(* Let $n$ be even. For any complete oriented flags $F_0,\dots,F_{n+1}$ in $\mathbb{R}^n$, $dE(F_0,\dots,F_{n+1})=0$.
   Context: A complete oriented flag $F$ is a chain $\{0\}=F^0\subset\dots\subset F^n=\mathbb{R}^n$, $\dim F^i=i$, each $F^i$ with a chosen open half-space $(F^i)^+$ bounded by $F^{i-1}$ (equivalently orientations on each $F^i$ compatible as follows: $(v_1,\dots,v_{i-1},x)$ is positive in $F^i$ iff $(v_1,\dots,v_{i-1})$ is positive in $F^{i-1}$ and $x\in(F^i)^+$). For an oriented $k$-dimensional subspace $W$ ($0\le k\le n-1$) and complete oriented flag $F$, let $d$ be the unique $1\le d\le k+1$ with $F^{d-1}\subseteq W$, $F^d\not\subseteq W$; $[W,F]$ is $W+F^d$ oriented by a positive basis of $W$ followed by any $x\in(F^d)^+$. Set $[F_1]=F_1^1$ and $[F_1,\dots,F_k]=[[F_1,\dots,F_{k-1}],F_k]$. For an oriented $n$-dimensional space $U$, $\mathrm{Or}(U)\in\{\pm1\}$ is the sign of its orientation relative to the canonical orientation of $\mathbb{R}^n$. Define $E$ on $(n+1)$-tuples of complete oriented flags by $E(F_0,\dots,F_n)=\prod_{i=0}^n\mathrm{Or}([F_0,\dots,\widehat{F_i},\dots,F_n])\in\{\pm1\}$, and $dE(F_0,\dots,F_{n+1})=\sum_{i=0}^{n+1}(-1)^iE(F_0,\dots,\widehat{F_i},\dots,F_{n+1})$. *)

theory Defs
  imports "HOL-Analysis.Analysis"
begin

text \<open>Vectors of R^n are elements of real^'n, where the finite index type 'n carries
an enumeration (class enum); the canonical orientation of R^n is the one of the
standard basis listed in the order of that enumeration.\<close>

text \<open>A complete oriented flag: a pair (F, H) where F i is the i-dimensional subspace
F^i and H i is the chosen open half-space (F^i)^+ of F^i bounded by F^(i-1).\<close>
type_synonym 'n oflag = "(nat \<Rightarrow> (real^'n) set) \<times> (nat \<Rightarrow> (real^'n) set)"

definition is_oflag :: "('n::enum) oflag \<Rightarrow> bool" where
  "is_oflag FH \<longleftrightarrow>
     (let F = fst FH; H = snd FH in
        F 0 = {0}
      \<and> (\<forall>i\<le>CARD('n). subspace (F i) \<and> dim (F i) = i)
      \<and> (\<forall>i<CARD('n). F i \<subseteq> F (Suc i))
      \<and> (\<forall>i\<in>{1..CARD('n)}. \<exists>v\<in>F i - F (i - 1).
            H i = {a + t *\<^sub>R v | a t. a \<in> F (i - 1) \<and> t > 0}))"
(* Let $E$ be a finite set and $\mathcal{O}\subseteq\{+,-,0\}^E$ satisfy (O3): $X,Y\in\mathcal{O}\Rightarrow X\circ Y\in\mathcal{O}$. Then $\mathcal{O}$ satisfies (O4) if and only if it satisfies (O4'), where (O4): if $X,Y\in\mathcal{O}$ with $\underline{X}=\underline{Y}$ and $X\neq Y$, then $I_e(X,Y)\cap\mathcal{O}\neq\emptyset$ for all $e\in S(X,Y)$; (O4'): if $X,Y\in\mathcal{O}$ with $\underline{X}=\underline{Y}$ and $X\neq Y$, then $I(X,Y)\cap\mathcal{O}\neq\emptyset$.
   Context: For $X\in\{+,-,0\}^E$: support $\underline{X}=\{e:X_e\neq0\}$; composition $(X\circ Y)_e=X_e$ if $X_e\neq0$, else $Y_e$; separation set $S(X,Y)=\{e: X_e,Y_e\neq0, X_e\neq Y_e\}$. For $X,Y$ with $\underline{X}=\underline{Y}$, $X\neq Y$ and $e\in S(X,Y)$: $I_e(X,Y)=\{V\in\{+,-,0\}^E : \underline{V}\subseteq\underline{X}\setminus\{e\},\ V_f=X_f\ \forall f\notin S(X,Y)\}$ and $I(X,Y)=\bigcup_{e\in S(X,Y)}I_e(X,Y)$. *)

theory Defs
  imports Main
begin

datatype sign = Pos | Neg | Zero

type_synonym 'e covector = "'e \<Rightarrow> sign"

definition supp :: "'e covector \<Rightarrow> 'e set" where
  "supp X = {e. X e \<noteq> Zero}"

definition comp :: "'e covector \<Rightarrow> 'e covector \<Rightarrow> 'e covector" where
  "comp X Y = (\<lambda>e. if X e \<noteq> Zero then X e else Y e)"

definition sep :: "'e covector \<Rightarrow> 'e covector \<Rightarrow> 'e set" where
  "sep X Y = {e. X e \<noteq> Zero \<and> Y e \<noteq> Zero \<and> X e \<noteq> Y e}"

definition Ie :: "'e \<Rightarrow> 'e covector \<Rightarrow> 'e covector \<Rightarrow> 'e covector set" where
  "Ie e X Y = {V. supp V \<subseteq> supp X - {e} \<and> (\<forall>f. f \<notin> sep X Y \<longrightarrow> V f = X f)}"

definition I_all :: "'e covector \<Rightarrow> 'e covector \<Rightarrow> 'e covector set" where
  "I_all X Y = (\<Union>e\<in>sep X Y. Ie e X Y)"

definition O3 :: "'e covector set \<Rightarrow> bool" where
  "O3 \<O> \<longleftrightarrow> (\<forall>X\<in>\<O>. \<forall>Y\<in>\<O>. comp X Y \<in> \<O>)"

definition O4 :: "'e covector set \<Rightarrow> bool" where
  "O4 \<O> \<longleftrightarrow> (\<forall>X\<in>\<O>. \<forall>Y\<in>\<O>. supp X = supp Y \<and> X \<noteq> Y \<longrightarrow>
      (\<forall>e\<in>sep X Y. Ie e X Y \<inter> \<O> \<noteq> {}))"

definition O4' :: "'e covector set \<Rightarrow> bool" where
  "O4' \<O> \<longleftrightarrow> (\<forall>X\<in>\<O>. \<forall>Y\<in>\<O>. supp X = supp Y \<and> X \<noteq> Y \<longrightarrow>
      I_all X Y \<inter> \<O> \<noteq> {})"

end

theory Submission
  imports Defs
begin

(* (O4) gives (O4') at once, since two distinct covectors with equal support separate somewhere.
   Conversely, by induction on |S(X,Y)|: (O4') gives V in I_f(X,Y), and we are done if V_e = 0.
   Otherwise V_e equals X_e or Y_e; in the first case W = V o Y still separates from Y at e,
   but no longer at f, and I_e(W,Y) is contained in I_e(X,Y); the second case is symmetric. *)

lemma sep_commute: "sep X Y = sep Y X"
  unfolding sep_def by auto

lemma same_supp_zero_iff: "supp X = supp Y \<Longrightarrow> X g = Zero \<longleftrightarrow> Y g = Zero"
  unfolding supp_def by blast

lemma same_supp_eq_outside_sep:
  assumes "supp X = supp Y" "g \<notin> sep X Y"
  shows "X g = Y g"
  using assms same_supp_zero_iff[OF assms(1), of g] unfolding sep_def by auto

lemma same_supp_sep_nonempty:
  assumes "supp X = supp Y" "X \<noteq> Y"
  shows "sep X Y \<noteq> {}"
proof -
  obtain g where "X g \<noteq> Y g" using assms(2) by blast
  then have "g \<in> sep X Y" using same_supp_eq_outside_sep[OF assms(1)] by blast
  then show ?thesis by blast
qed

lemma O4_imp_I_all_nonempty:
  assumes "O4 \<O>" "X \<in> \<O>" "Y \<in> \<O>" "supp X = supp Y" "X \<noteq> Y"
  shows "I_all X Y \<inter> \<O> \<noteq> {}"
proof -
  obtain g where g: "g \<in> sep X Y" using same_supp_sep_nonempty[OF assms(4,5)] by blast
  then have "Ie g X Y \<inter> \<O> \<noteq> {}" using assms(1-5) unfolding O4_def by simp
  moreover have "Ie g X Y \<subseteq> I_all X Y" using g unfolding I_all_def by blast
  ultimately show ?thesis by blast
qed

lemma Ie_commute:
  assumes "supp X = supp Y"
  shows "Ie e X Y = Ie e Y X"
  using assms same_supp_eq_outside_sep[OF assms] unfolding Ie_def sep_commute[of X Y] by auto

lemma sep_value_cases:
  assumes "e \<in> sep X Y" "V e \<noteq> Zero"
  shows "V e = X e \<or> V e = Y e"
  using assms unfolding sep_def by (cases "V e"; cases "X e"; cases "Y e") auto

lemma Ie_comp_reduces:
  assumes supp: "supp X = supp Y"
    and f: "f \<in> sep X Y" and V: "V \<in> Ie f X Y"
    and e: "e \<in> sep X Y" and Ve: "V e = X e"
  shows "supp (comp V Y) = supp Y"
    and "sep (comp V Y) Y \<subset> sep X Y"
    and "e \<in> sep (comp V Y) Y"
    and "Ie e (comp V Y) Y \<subseteq> Ie e X Y"
proof -
  let ?W = "comp V Y"
  have V_supp: "supp V \<subseteq> supp Y - {f}" and V_out: "\<And>g. g \<notin> sep X Y \<Longrightarrow> V g = X g"
    using V supp unfolding Ie_def by auto
  have XY_out: "\<And>g. g \<notin> sep X Y \<Longrightarrow> X g = Y g"
    using same_supp_eq_outside_sep[OF supp] .
  show W_supp: "supp ?W = supp Y"
    using V_supp unfolding supp_def comp_def by auto
  have W_sep: "sep ?W Y \<subseteq> sep X Y - {f}"
  proof
    fix g assume g: "g \<in> sep ?W Y"
    then have Vg: "V g \<noteq> Zero" "V g \<noteq> Y g"
      unfolding comp_def sep_def by (auto split: if_splits)
    then have "g \<noteq> f" using V_supp unfolding supp_def by blast
    moreover have "g \<in> sep X Y" using Vg(2) V_out XY_out by metis
    ultimately show "g \<in> sep X Y - {f}" by blast
  qed
  then show "sep ?W Y \<subset> sep X Y" using f by blast
  show "e \<in> sep ?W Y" using e Ve unfolding comp_def sep_def by auto
  have W_out: "?W g = X g" if "g \<notin> sep X Y" for g
    using V_out[OF that] XY_out[OF that] unfolding comp_def by simp
  show "Ie e ?W Y \<subseteq> Ie e X Y"
  proof
    fix U assume "U \<in> Ie e ?W Y"
    then have U_supp: "supp U \<subseteq> supp X - {e}"
      and U_out: "\<And>g. g \<notin> sep ?W Y \<Longrightarrow> U g = ?W g"
      unfolding Ie_def W_supp supp by auto
    have "U g = X g" if "g \<notin> sep X Y" for g
    proof -
      have "g \<notin> sep ?W Y" using W_sep that by blast
      then show ?thesis using U_out W_out[OF that] by simp
    qed
    with U_supp show "U \<in> Ie e X Y" unfolding Ie_def by blast
  qed
qed

lemma O4'_imp_Ie_nonempty:
  fixes \<O> :: "('e::finite) covector set"
  assumes O3: "O3 \<O>" and O4': "O4' \<O>"
    and "X \<in> \<O>" "Y \<in> \<O>" "supp X = supp Y" "e \<in> sep X Y"
  shows "Ie e X Y \<inter> \<O> \<noteq> {}"
  using assms(3-)
proof (induction "card (sep X Y)" arbitrary: X Y rule: less_induct)
  case less
  have "X \<noteq> Y" using less.prems(4) unfolding sep_def by auto
  then obtain f V where f: "f \<in> sep X Y" and V: "V \<in> Ie f X Y" "V \<in> \<O>"
    using O4' less.prems unfolding O4'_def I_all_def by blast
  have reduce: "Ie e A B \<inter> \<O> \<noteq> {}"
    if AB: "A \<in> \<O>" "B \<in> \<O>" "supp A = supp B" "sep A B = sep X Y"
      and "f \<in> sep A B" "V \<in> Ie f A B" "e \<in> sep A B" "V e = A e" for A B
  proof -
    note W = Ie_comp_reduces[OF AB(3) that(5-8)]
    have "comp V B \<in> \<O>" using O3 V(2) AB(2) unfolding O3_def by blast
    moreover have "card (sep (comp V B) B) < card (sep X Y)"
      using W(2) AB(4) by (simp add: psubset_card_mono)
    ultimately have "Ie e (comp V B) B \<inter> \<O> \<noteq> {}"
      using less.hyps AB(2) W(1,3) by blast
    then show ?thesis using W(4) by blast
  qed
  consider "V e = Zero" | "V e = X e" | "V e = Y e"
    using sep_value_cases[OF less.prems(4)] by blast
  then show ?case
  proof cases
    case 1
    then have "V \<in> Ie e X Y" using V(1) unfolding Ie_def supp_def by auto
    then show ?thesis using V(2) by blast
  next
    case 2
    then show ?thesis using reduce less.prems f V(1) by blast
  next
    case 3
    have YX: "supp Y = supp X" "sep Y X = sep X Y" "Ie f Y X = Ie f X Y" "Ie e Y X = Ie e X Y"
      using less.prems(3) sep_commute[of Y X] Ie_commute[of Y X] by simp_all
    have "Ie e Y X \<inter> \<O> \<noteq> {}"
      by (rule reduce) (use less.prems f V(1) 3 YX in simp_all)
    then show ?thesis using YX(4) by simp
  qed
qed

theorem lemma2p1:
  fixes \<O> :: "('e::finite) covector set"
  assumes "O3 \<O>"
  shows "O4 \<O> \<longleftrightarrow> O4' \<O>"
proof
  assume "O4 \<O>"
  show "O4' \<O>"
    unfolding O4'_def using O4_imp_I_all_nonempty[OF \<open>O4 \<O>\<close>] by blast
next
  assume "O4' \<O>"
  show "O4 \<O>"
    unfolding O4_def using O4'_imp_Ie_nonempty[OF assms \<open>O4' \<O>\<close>] by blast
qed

end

Your task:
Say how many lines of the records include the word "definition", and give nothing but the number.

Exercise solution:
9